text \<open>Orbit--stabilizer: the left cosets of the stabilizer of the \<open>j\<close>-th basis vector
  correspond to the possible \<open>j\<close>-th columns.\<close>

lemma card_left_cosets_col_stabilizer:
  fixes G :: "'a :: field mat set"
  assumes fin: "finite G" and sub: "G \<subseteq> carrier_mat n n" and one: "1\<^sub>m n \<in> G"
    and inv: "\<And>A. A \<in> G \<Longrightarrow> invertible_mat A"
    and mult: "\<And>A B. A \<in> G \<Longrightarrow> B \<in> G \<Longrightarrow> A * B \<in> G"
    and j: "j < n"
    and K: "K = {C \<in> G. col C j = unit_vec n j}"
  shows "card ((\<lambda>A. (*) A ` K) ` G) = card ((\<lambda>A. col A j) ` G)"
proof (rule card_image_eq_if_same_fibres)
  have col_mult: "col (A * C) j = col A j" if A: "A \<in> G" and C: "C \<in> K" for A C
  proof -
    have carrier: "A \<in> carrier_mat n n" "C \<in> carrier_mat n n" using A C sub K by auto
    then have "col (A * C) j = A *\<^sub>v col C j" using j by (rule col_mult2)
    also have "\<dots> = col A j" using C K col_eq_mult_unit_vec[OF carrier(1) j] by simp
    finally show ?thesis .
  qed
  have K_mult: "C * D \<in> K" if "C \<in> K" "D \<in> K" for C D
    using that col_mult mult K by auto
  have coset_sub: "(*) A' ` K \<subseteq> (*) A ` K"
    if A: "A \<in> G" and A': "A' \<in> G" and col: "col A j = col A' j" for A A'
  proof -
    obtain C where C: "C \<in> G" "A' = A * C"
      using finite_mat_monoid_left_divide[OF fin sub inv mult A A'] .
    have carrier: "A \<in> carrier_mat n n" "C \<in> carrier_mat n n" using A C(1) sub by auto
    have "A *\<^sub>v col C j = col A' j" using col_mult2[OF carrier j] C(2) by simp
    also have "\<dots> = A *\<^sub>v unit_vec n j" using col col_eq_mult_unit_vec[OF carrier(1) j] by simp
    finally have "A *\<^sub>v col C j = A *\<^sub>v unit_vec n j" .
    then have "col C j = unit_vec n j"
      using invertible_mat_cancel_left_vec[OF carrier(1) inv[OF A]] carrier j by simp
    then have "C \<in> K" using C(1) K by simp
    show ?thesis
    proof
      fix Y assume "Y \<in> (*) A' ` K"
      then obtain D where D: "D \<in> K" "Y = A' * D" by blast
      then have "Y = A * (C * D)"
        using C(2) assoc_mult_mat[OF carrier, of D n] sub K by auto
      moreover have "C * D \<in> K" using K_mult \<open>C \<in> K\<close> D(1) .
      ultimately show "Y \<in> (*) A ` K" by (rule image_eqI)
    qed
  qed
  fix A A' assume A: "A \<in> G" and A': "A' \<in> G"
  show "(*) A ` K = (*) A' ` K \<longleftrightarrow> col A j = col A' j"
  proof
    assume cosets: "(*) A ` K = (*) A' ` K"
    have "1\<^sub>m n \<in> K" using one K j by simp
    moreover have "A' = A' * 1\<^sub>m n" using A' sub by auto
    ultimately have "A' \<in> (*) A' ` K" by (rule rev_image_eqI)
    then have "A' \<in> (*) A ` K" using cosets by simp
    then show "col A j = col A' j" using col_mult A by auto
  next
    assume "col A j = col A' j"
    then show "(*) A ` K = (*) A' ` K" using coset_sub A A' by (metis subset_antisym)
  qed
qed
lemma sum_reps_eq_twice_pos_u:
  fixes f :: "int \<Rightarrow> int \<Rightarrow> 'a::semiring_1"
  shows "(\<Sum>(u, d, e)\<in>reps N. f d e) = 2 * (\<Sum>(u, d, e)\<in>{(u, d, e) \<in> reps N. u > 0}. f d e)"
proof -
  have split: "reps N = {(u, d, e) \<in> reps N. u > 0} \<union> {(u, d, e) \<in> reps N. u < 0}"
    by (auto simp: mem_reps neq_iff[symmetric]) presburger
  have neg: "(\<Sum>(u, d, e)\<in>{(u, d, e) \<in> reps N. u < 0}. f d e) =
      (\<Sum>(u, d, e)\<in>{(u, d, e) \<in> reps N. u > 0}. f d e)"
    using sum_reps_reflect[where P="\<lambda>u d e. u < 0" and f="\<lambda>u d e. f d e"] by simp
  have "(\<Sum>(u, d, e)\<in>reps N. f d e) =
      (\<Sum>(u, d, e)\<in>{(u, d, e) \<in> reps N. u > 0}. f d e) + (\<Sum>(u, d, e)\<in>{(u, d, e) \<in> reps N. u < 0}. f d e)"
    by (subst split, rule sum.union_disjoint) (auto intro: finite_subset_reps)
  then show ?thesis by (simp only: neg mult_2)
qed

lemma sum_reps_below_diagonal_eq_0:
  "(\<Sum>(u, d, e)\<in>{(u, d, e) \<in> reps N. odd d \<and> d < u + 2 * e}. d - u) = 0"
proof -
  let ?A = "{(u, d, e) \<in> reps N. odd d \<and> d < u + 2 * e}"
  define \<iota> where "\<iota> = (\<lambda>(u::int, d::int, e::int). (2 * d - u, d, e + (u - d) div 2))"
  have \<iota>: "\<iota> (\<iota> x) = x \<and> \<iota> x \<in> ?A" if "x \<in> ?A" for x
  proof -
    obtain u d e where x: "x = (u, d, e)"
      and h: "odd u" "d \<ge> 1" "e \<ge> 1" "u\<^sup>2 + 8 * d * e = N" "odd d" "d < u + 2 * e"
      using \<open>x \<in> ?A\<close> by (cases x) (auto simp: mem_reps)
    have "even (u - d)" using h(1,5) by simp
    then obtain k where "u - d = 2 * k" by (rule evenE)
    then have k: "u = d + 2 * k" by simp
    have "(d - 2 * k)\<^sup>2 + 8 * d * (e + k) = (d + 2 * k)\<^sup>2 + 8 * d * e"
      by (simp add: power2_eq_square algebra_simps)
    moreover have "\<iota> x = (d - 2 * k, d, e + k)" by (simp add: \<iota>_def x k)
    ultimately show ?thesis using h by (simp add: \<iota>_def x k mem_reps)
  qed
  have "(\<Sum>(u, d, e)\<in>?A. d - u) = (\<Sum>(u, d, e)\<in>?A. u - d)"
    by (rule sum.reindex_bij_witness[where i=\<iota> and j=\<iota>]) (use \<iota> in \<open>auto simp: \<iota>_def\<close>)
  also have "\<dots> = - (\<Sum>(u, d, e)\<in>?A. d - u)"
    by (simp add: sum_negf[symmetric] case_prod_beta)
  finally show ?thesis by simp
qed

[Task directions]
Wherever the string "ultimately" occurs in the data, copy the line that holds it.

[Output for this task]
      ultimately show "Y \<in> (*) A ` K" by (rule image_eqI)
    ultimately have "A' \<in> (*) A' ` K" by (rule rev_image_eqI)
    ultimately show ?thesis using h by (simp add: \<iota>_def x k mem_reps)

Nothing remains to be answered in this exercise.